> [RECORDS SUPPLIED]:
abbreviation "gOmega \<equiv> gamma_Omega gam J"
abbreviation "g10 \<equiv> gam10 gam J"
abbreviation "g01 \<equiv> gam01 gam J"

lemma gam_add: "gam (x + y) = gam x + gam y"
  using clifford by (simp add: clifford_mult_def)

lemma gam_scaleR: "gam (r *\<^sub>R x) = r *\<^sub>R gam x"
  using clifford by (simp add: clifford_mult_def cmat_smult_of_real)

lemma gam_square: "gam x ** gam x = - (complex_of_real ((norm x)\<^sup>2) *c mat 1)"
  using clifford by (simp add: clifford_mult_def)

lemma cmat_adj_gam: "cmat_adj (gam x) = - gam x"
  using clifford by (simp add: clifford_mult_def)

lemma linear_gam: "linear gam"
  by (rule linearI) (simp_all add: gam_add gam_scaleR)

lemma gam_sum: "gam (\<Sum>i\<in>S. r i *\<^sub>R v i) = (\<Sum>i\<in>S. complex_of_real (r i) *c gam (v i))"
  by (simp add: linear_sum[OF linear_gam] gam_scaleR cmat_smult_of_real)

lemma gam_minus: "gam (- x) = - gam x"
  using linear_neg[OF linear_gam] .

lemma linear_J: "linear J"
  using hermitian by (simp add: almost_hermitian_def)

lemma J_J [simp]: "J (J x) = - x"
  using hermitian by (simp add: almost_hermitian_def)

lemma inner_J_J [simp]: "inner (J x) (J y) = inner x y"
  using hermitian by (simp add: almost_hermitian_def)

lemma inner_J_right: "inner x (J y) = - inner (J x) y"
  using inner_J_J[of x "J y"] by simp

lemma inner_J_self [simp]: "inner x (J x) = 0"
  using inner_J_right[of x x] by (simp add: inner_commute)

lemma norm_J [simp]: "norm (J x) = norm x"
  by (simp add: norm_eq_sqrt_inner)

lemma gam_anticomm:
  "gam x ** gam y + gam y ** gam x = complex_of_real (- 2 * inner x y) *c mat 1"
proof -
  have "gam (x + y) ** gam (x + y) = gam x ** gam x + (gam x ** gam y + gam y ** gam x) + gam y ** gam y"
    by (simp add: gam_add matrix_add_ldistrib matrix_add_rdistrib algebra_simps)
  moreover have "(norm (x + y))\<^sup>2 = (norm x)\<^sup>2 + 2 * inner x y + (norm y)\<^sup>2"
    by (simp add: power2_norm_eq_inner algebra_simps inner_commute)
  ultimately show ?thesis
    by (simp add: gam_square vec_eq_iff algebra_simps)
qed

lemma gam_swap:
  "gam x ** gam y = - (gam y ** gam x) + complex_of_real (- 2 * inner x y) *c mat 1"
  using gam_anticomm[of x y] by (simp add: algebra_simps)

lemma gam_commutator_pair:
  "gam a ** gam b ** gam x - gam x ** (gam a ** gam b)
     = complex_of_real (2 * inner x a) *c gam b - complex_of_real (2 * inner x b) *c gam a"
proof -
  have "gam a ** gam b ** gam x = - (gam a ** gam x ** gam b) + complex_of_real (- 2 * inner b x) *c gam a"
    by (simp only: matrix_mul_assoc[symmetric] gam_swap[of b x] matrix_add_ldistrib
        matrix_minus_right cmat_smult_mult_right matrix_mul_rid)
  also have "gam a ** gam x ** gam b
      = - (gam x ** (gam a ** gam b)) + complex_of_real (- 2 * inner a x) *c gam b"
    by (simp only: gam_swap[of a x] matrix_add_rdistrib matrix_minus_left cmat_smult_mult_left
        matrix_mul_lid matrix_mul_assoc)
  finally show ?thesis by (simp add: vec_eq_iff algebra_simps inner_commute)
qed

lemma gamma_Omega_eq: "gOmega = (1/2) *c (\<Sum>c\<in>Basis. gam (J c) ** gam c)"
proof -
  have "(\<Sum>b\<in>Basis. \<Sum>c\<in>Basis. complex_of_real (Omega J b c) *c (gam b ** gam c))
      = (\<Sum>c\<in>Basis. (\<Sum>b\<in>Basis. complex_of_real (inner (J c) b) *c gam b) ** gam c)"
    by (subst sum.swap) (simp add: matrix_sum_left cmat_smult_mult_left Omega_def inner_commute)
  also have "\<dots> = (\<Sum>c\<in>Basis. gam (J c) ** gam c)"
    by (simp add: gam_sum[symmetric] euclidean_representation)
  finally show ?thesis by (simp add: gamma_Omega_def)
qed

lemma cmat_adj_gamma_Omega: "cmat_adj gOmega = - gOmega"
proof -
  have "cmat_adj (gam (J c) ** gam c) = - (gam (J c) ** gam c)" for c
    by (simp add: cmat_adj_mult cmat_adj_gam matrix_minus_left matrix_minus_right gam_swap[of c "J c"])
  then show ?thesis
    by (simp add: gamma_Omega_eq cmat_adj_smult cmat_adj_sum sum_negf vec_eq_iff)
qed

lemma gamma_Omega_commutator: "gOmega ** gam x - gam x ** gOmega = (-2) *c gam (J x)"
proof -
  have "(\<Sum>c\<in>Basis. gam (J c) ** gam c ** gam x - gam x ** (gam (J c) ** gam c))
      = (\<Sum>c\<in>Basis. complex_of_real (2 * inner x (J c)) *c gam c)
        - (\<Sum>c\<in>Basis. complex_of_real (2 * inner c x) *c gam (J c))"
    by (simp add: gam_commutator_pair sum_subtractf inner_commute)
  also have "\<dots> = gam ((-2) *\<^sub>R J x) - gam (2 *\<^sub>R J x)"
  proof -
    have "(\<Sum>c\<in>Basis. (2 * inner x (J c)) *\<^sub>R c)
        = (-2) *\<^sub>R (\<Sum>c\<in>Basis. inner (J x) c *\<^sub>R c)"
      by (simp add: inner_J_right scaleR_sum_right)
    moreover have "(\<Sum>c\<in>Basis. (2 * inner c x) *\<^sub>R J c)
        = 2 *\<^sub>R J (\<Sum>c\<in>Basis. inner x c *\<^sub>R c)"
      by (simp add: linear_sum[OF linear_J] linear_scale[OF linear_J] scaleR_sum_right inner_commute)
    ultimately show ?thesis
      by (simp only: gam_sum[symmetric] euclidean_representation)
  qed
  also have "\<dots> = (-4) *c gam (J x)"
    by (simp only: gam_scaleR cmat_smult_of_real[symmetric]) (simp add: vec_eq_iff)
  finally have "(\<Sum>c\<in>Basis. gam (J c) ** gam c ** gam x - gam x ** (gam (J c) ** gam c))
      = (-4) *c gam (J x)" .
  then show ?thesis
    by (simp only: gamma_Omega_eq cmat_smult_mult_left cmat_smult_mult_right matrix_sum_left
        matrix_sum_right sum_subtractf[symmetric] cmat_smult_diff_right[symmetric] cmat_smult_assoc)
      simp
qed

> [WORK TASK]: Show every line of the records above that contains the word "thesis".

> [WRITTEN ANSWER]:
  ultimately show ?thesis
  finally show ?thesis by (simp add: vec_eq_iff algebra_simps inner_commute)
  finally show ?thesis by (simp add: gamma_Omega_def)
  then show ?thesis
    ultimately show ?thesis
  then show ?thesis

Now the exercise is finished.